Exercise ▸ The answer should consist of each line from the data below that includes "induction".

(Records contained in a dataset)
lemma is_word_word_section: "is_word d w \<Longrightarrow> x \<in> {1..d} \<Longrightarrow> is_word d (word_section d w x)"
proof (induction w arbitrary: x)
  case (Cons l w)
  then show ?case using is_word_letter_section letter_perm_in_range by simp
qed simp

lemma represents_identity_word_perm:
  assumes "represents_identity d w" "x \<in> {1..d}"
  shows "word_perm d w x = x"
proof -
  have "word_act d w [x] = [x]" using assms by (simp add: represents_identity_def)
  then show ?thesis by (simp add: word_act_Cons_vertex)
qed

lemma represents_identity_word_section:
  assumes "represents_identity d w" "x \<in> {1..d}"
  shows "represents_identity d (word_section d w x)"
  unfolding represents_identity_def
proof (intro allI impI)
  fix u assume "set u \<subseteq> {1..d}"
  then have "word_act d w (x # u) = x # u" using assms by (simp add: represents_identity_def)
  then show "word_act d (word_section d w x) u = u" by (simp add: word_act_Cons_vertex)
qed

lemma exp_sum_Nil [simp]: "exp_sum [] k = 0"
  by (simp add: exp_sum_def)

lemma exp_sum_append: "exp_sum (p @ q) k = exp_sum p k + exp_sum q k"
  by (simp add: exp_sum_def)

lemma exp_sum_Cons: "exp_sum (l # w) k = exp_sum [l] k + exp_sum w k"
  using exp_sum_append[of "[l]" w k] by simp

lemma exp_sum_single: "exp_sum [(i, b)] k = (if k = i then (if b then -1 else 1) else 0)"
  by (auto simp: exp_sum_def)

definition prv :: "nat \<Rightarrow> nat \<Rightarrow> nat" where
  "prv d k = (if k = 1 then d else k - 1)"

lemma prv_eq_iff: "d \<ge> 2 \<Longrightarrow> k \<in> {1..d} \<Longrightarrow> i \<in> {1..d} \<Longrightarrow> prv d k = i \<longleftrightarrow> k = nxt d i"
  by (auto simp: prv_def nxt_def)

lemma sum_exp_sum_letter_section:
  assumes d: "d \<ge> 2" and i: "i \<in> {1..d}" and k: "k \<in> {1..d}"
  shows "(\<Sum>x\<in>{1..d}. exp_sum (letter_section d (i, b) x) k)
       = exp_sum [(i, b)] k + exp_sum [(i, b)] (prv d k)"
proof -
  let ?f = "\<lambda>x. exp_sum (letter_section d (i, b) x) k"
  have ne: "nxt d i \<noteq> i" using nxt_neq[OF d] .
  have "(\<Sum>x\<in>{1..d}. ?f x) = (\<Sum>x\<in>{i, nxt d i}. ?f x)"
    using i nxt_in_range[OF i]
    by (intro sum.mono_neutral_right) (auto simp: letter_section_def)
  also have "\<dots> = ?f i + ?f (nxt d i)" using ne by simp
  also have "\<dots> = exp_sum [(i, b)] k + exp_sum [(i, b)] (prv d k)"
    using ne prv_eq_iff[OF d k i]
    by (cases b) (simp_all add: letter_section_def letter_perm_def exp_sum_single)
  finally show ?thesis .
qed

lemma sum_exp_sum_word_section:
  assumes d: "d \<ge> 2" and k: "k \<in> {1..d}" and "is_word d w"
  shows "(\<Sum>x\<in>{1..d}. exp_sum (word_section d w x) k) = exp_sum w k + exp_sum w (prv d k)"
  using \<open>is_word d w\<close>
proof (induction w)
  case Nil
  then show ?case by simp
next
  case (Cons l w)
  obtain i b where l: "l = (i, b)" by fastforce
  have i: "i \<in> {1..d}" and w: "is_word d w" using Cons.prems l by auto
  have "(\<Sum>x\<in>{1..d}. exp_sum (word_section d w (letter_perm d l x)) k)
      = (\<Sum>x\<in>{1..d}. exp_sum (word_section d w x) k)"
    using i l letter_perm_in_range
    by (intro sum.reindex_bij_witness[where i = "letter_perm d l" and j = "letter_perm d l"]) auto
  then show ?case
    using Cons.IH[OF w] sum_exp_sum_letter_section[OF d i k, of b] l
    by (simp add: exp_sum_append sum.distrib exp_sum_Cons[of _ w])
qed

lemma cyclic_neighbour_sums_zero:
  fixes v :: "nat \<Rightarrow> int"
  assumes "odd d" and sums: "\<forall>k\<in>{1..d}. v k + v (prv d k) = 0"
  shows "\<forall>k\<in>{1..d}. v k = 0"
proof -
  have d: "d \<ge> 1" using \<open>odd d\<close> by (cases d) auto
  have alt: "v k = (-1) ^ (k - 1) * v 1" if "1 \<le> k" "k \<le> d" for k
    using that
  proof (induction k)
    case (Suc k)
    show ?case
    proof (cases "k = 0")
      case False
      have "v (Suc k) + v k = 0"
        using sums[rule_format, of "Suc k"] Suc.prems False by (simp add: prv_def)
      moreover have "v k = (-1) ^ (k - 1) * v 1" using Suc False by simp
      ultimately show ?thesis using False by (cases k) simp_all
    qed simp
  qed simp
  have "v 1 + v d = 0" using sums[rule_format, of 1] d by (simp add: prv_def)
  moreover have "v d = v 1" using alt[of d] \<open>odd d\<close> d by (simp add: neg_one_even_power)
  ultimately show ?thesis using alt by simp
qed

lemma exp_sums_vanish_if_sections_vanish:
  assumes "d \<ge> 2" "odd d" "is_word d w"
    and "\<forall>x\<in>{1..d}. \<forall>k\<in>{1..d}. exp_sum (word_section d w x) k = 0"
  shows "\<forall>k\<in>{1..d}. exp_sum w k = 0"
proof (rule cyclic_neighbour_sums_zero[OF \<open>odd d\<close>], intro ballI)
  fix k assume "k \<in> {1..d}"
  then have "exp_sum w k + exp_sum w (prv d k) = (\<Sum>x\<in>{1..d}. exp_sum (word_section d w x) k)"
    using sum_exp_sum_word_section assms(1,3) by simp
  also have "\<dots> = 0" using assms(4) \<open>k \<in> {1..d}\<close> by simp
  finally show "exp_sum w k + exp_sum w (prv d k) = 0" .
qed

Problem solution ▸
proof (induction w arbitrary: x)
proof (induction w)
  proof (induction k)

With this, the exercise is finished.